--- WORKING DATA ---

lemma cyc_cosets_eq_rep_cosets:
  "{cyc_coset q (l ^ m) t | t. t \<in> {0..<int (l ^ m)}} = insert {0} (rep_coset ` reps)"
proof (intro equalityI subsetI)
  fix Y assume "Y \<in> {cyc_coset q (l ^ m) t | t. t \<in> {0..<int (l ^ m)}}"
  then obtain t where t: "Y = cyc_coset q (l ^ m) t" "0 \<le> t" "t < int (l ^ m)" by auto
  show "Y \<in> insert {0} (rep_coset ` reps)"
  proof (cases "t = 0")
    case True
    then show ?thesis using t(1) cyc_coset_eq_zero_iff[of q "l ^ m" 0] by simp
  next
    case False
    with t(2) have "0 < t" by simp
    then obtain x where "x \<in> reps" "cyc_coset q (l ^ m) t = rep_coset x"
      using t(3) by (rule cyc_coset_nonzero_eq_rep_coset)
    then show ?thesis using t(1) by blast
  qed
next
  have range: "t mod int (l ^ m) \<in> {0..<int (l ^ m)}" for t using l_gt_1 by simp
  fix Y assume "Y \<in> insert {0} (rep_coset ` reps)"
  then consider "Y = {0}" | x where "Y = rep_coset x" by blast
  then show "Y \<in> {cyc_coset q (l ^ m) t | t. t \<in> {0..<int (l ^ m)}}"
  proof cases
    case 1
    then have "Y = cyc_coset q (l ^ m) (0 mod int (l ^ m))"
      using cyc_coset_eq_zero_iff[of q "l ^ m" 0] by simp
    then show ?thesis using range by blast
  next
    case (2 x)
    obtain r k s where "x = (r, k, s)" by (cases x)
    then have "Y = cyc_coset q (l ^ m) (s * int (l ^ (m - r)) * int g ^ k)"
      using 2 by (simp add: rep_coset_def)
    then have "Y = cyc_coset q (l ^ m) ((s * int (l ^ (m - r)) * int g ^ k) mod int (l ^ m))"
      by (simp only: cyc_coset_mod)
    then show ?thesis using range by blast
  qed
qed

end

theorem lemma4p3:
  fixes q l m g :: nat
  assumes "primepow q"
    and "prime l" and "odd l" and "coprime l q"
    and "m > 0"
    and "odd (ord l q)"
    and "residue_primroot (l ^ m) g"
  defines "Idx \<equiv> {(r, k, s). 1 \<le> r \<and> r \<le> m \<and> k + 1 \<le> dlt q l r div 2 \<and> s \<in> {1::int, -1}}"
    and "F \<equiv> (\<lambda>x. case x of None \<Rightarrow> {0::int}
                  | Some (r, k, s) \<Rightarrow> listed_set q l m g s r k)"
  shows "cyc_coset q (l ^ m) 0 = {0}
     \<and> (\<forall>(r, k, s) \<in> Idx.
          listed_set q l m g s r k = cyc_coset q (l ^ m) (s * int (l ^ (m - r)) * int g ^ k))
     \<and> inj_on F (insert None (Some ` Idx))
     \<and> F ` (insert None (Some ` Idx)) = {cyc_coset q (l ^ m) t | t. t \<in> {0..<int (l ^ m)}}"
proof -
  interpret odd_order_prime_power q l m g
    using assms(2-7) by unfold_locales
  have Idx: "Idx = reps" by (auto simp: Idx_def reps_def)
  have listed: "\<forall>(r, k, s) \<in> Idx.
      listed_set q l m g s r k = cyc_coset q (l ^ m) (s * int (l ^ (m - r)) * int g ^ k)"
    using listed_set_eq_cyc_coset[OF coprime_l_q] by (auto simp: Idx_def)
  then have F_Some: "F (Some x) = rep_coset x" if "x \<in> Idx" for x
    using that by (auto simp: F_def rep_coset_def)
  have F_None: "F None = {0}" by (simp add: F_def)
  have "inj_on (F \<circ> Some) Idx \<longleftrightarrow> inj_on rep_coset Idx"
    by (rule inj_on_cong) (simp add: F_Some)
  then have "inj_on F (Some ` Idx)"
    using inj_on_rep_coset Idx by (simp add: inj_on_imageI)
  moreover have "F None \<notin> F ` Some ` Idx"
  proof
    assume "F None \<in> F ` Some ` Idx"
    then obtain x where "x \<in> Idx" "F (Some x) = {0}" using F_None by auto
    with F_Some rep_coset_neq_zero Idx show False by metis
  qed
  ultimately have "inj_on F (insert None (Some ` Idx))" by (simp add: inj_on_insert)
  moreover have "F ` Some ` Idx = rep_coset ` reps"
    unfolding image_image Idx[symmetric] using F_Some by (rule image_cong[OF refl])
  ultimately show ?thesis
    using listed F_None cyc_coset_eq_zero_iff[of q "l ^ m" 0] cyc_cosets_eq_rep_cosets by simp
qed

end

---

#### WHAT THE EXERCISE ASKS
In the listing, find all lines with the string "rule" and copy them.

#### FINISHED EXERCISE
      using t(3) by (rule cyc_coset_nonzero_eq_rep_coset)
    by (rule inj_on_cong) (simp add: F_Some)
    unfolding image_image Idx[symmetric] using F_Some by (rule image_cong[OF refl])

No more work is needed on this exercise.